A nova teoria relaciona a queda da natalidade ao uso excessivo de smartphones

Recentemente, dois estudos chamaram a atenção da comunidade científica ao sugerirem que os smartphones podem ter contribuído para a redução das taxas de natalidade em diversos países. A relação entre o lançamento do primeiro iPhone, em 2007, e a queda nos índices de natalidade é particularmente intrigante.

Pesquisadores dos Estados Unidos realizaram uma análise sobre o acesso à internet e a cobertura de telefonia móvel, buscando entender se a popularização dos celulares alterou o comportamento social dos jovens e impactou diretamente as taxas de fertilidade, conforme reportado pelo The New York Times.

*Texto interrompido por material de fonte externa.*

section \<open>The hyperbolic weight\<close>

lemma has_integral_sinh_sq:
  fixes s c r :: real
  assumes "s \<noteq> 0" "0 \<le> r"
  shows "((\<lambda>x. (sinh (s * (x - c)))\<^sup>2) has_integral (sinh (2 * s * r) / (2 * s) - r)) {c - r..c + r}"
proof -
  define F where "F x = sinh (2 * s * (x - c)) / (4 * s) - x / 2" for x
  have "(F has_real_derivative (sinh (s * (x - c)))\<^sup>2) (at x within {c - r..c + r})" for x
  proof -
    have "(F has_real_derivative cosh (2 * s * (x - c)) * (2 * s) / (4 * s) - 1 / 2) (at x within {c - r..c + r})"
      unfolding F_def by (auto intro!: derivative_eq_intros)
    moreover have "cosh (2 * s * (x - c)) * (2 * s) / (4 * s) - 1 / 2 = (sinh (s * (x - c)))\<^sup>2"
      using cosh_double[of "s * (x - c)"] assms(1) by (simp add: cosh_square_eq mult.assoc field_simps)
    ultimately show ?thesis by simp
  qed
  then have "((\<lambda>x. (sinh (s * (x - c)))\<^sup>2) has_integral (F (c + r) - F (c - r))) {c - r..c + r}"
    using assms(2) by (intro fundamental_theorem_of_calculus) (auto simp: has_real_derivative_iff_has_vector_derivative)
  moreover have "F (c + r) - F (c - r) = sinh (2 * s * r) / (2 * s) - r"
    using assms(1) by (simp add: F_def field_simps)
  ultimately show ?thesis by simp
qed

lemma has_integral_cosh_sq:
  fixes s c r :: real
  assumes "s \<noteq> 0" "0 \<le> r"
  shows "((\<lambda>x. (cosh (s * (x - c)))\<^sup>2) has_integral (sinh (2 * s * r) / (2 * s) + r)) {c - r..c + r}"
proof -
  define F where "F x = sinh (2 * s * (x - c)) / (4 * s) + x / 2" for x
  have "(F has_real_derivative (cosh (s * (x - c)))\<^sup>2) (at x within {c - r..c + r})" for x
  proof -
    have "(F has_real_derivative cosh (2 * s * (x - c)) * (2 * s) / (4 * s) + 1 / 2) (at x within {c - r..c + r})"
      unfolding F_def by (auto intro!: derivative_eq_intros)
    moreover have "cosh (2 * s * (x - c)) * (2 * s) / (4 * s) + 1 / 2 = (cosh (s * (x - c)))\<^sup>2"
      using cosh_double[of "s * (x - c)"] assms(1) by (simp add: sinh_square_eq mult.assoc field_simps)
    ultimately show ?thesis by simp
  qed
  then have "((\<lambda>x. (cosh (s * (x - c)))\<^sup>2) has_integral (F (c + r) - F (c - r))) {c - r..c + r}"
    using assms(2) by (intro fundamental_theorem_of_calculus) (auto simp: has_real_derivative_iff_has_vector_derivative)
  moreover have "F (c + r) - F (c - r) = sinh (2 * s * r) / (2 * s) + r"
    using assms(1) by (simp add: F_def field_simps)
  ultimately show ?thesis by simp
qed

text \<open>
  The weight solves \<open>w'' = s\<^sup>2 w\<close>, the Euler--Lagrange equation of \<open>s\<^sup>2 \<parallel>w\<parallel>\<^sup>2 + \<parallel>w'\<parallel>\<^sup>2\<close>
  under the constraint \<open>w(2\<pi>) - w(0) = 1\<close>.
\<close>

definition sinh_weight :: "real \<Rightarrow> real \<Rightarrow> real" where
  "sinh_weight s x = sinh (s * (x - pi)) / (2 * sinh (s * pi))"

definition sinh_weight' :: "real \<Rightarrow> real \<Rightarrow> real" where
  "sinh_weight' s x = s * cosh (s * (x - pi)) / (2 * sinh (s * pi))"

lemma has_real_derivative_sinh_weight:
  assumes "s \<noteq> 0"
  shows "(sinh_weight s has_real_derivative sinh_weight' s x) (at x within S)"
  unfolding sinh_weight_def sinh_weight'_def using assms by (auto intro!: derivative_eq_intros)

lemma continuous_on_sinh_weight':
  assumes "s \<noteq> 0"
  shows "continuous_on S (sinh_weight' s)"
  unfolding sinh_weight'_def using assms by (intro continuous_intros) simp

lemma sinh_weight_jump:
  assumes "s \<noteq> 0"
  shows "sinh_weight s (2 * pi) - sinh_weight s 0 = 1"
  using assms by (simp add: sinh_weight_def field_simps)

A conexão entre smartphones e as taxas de natalidade

Há algum tempo, especialistas têm se debruçado sobre as razões por trás da acentuada diminuição das taxas de natalidade em vários países. Entre as explicações já consideradas estão o aumento na disponibilidade de métodos contraceptivos, a elevação do nível educacional feminino, transformações econômicas e até mesmo a influência da programação televisiva.

Neste contexto, os smartphones passaram a ser tema central nas discussões.

A pesquisa liderada por Caitlin Myers, economista do Middlebury College, juntamente com o aluno Ezekiel Hooper, focou na introdução inicial do iPhone nos Estados Unidos entre 2007 e 2011, quando o dispositivo estava disponível apenas na rede da AT&T.

O estudo, publicado pelo National Bureau of Economic Research, sugere que o iPhone pode ter sido responsável por até 50% da diminuição na taxa de fertilidade durante esse período, especialmente entre jovens com idades variando entre 15 e 24 anos. Essa mudança é significativa.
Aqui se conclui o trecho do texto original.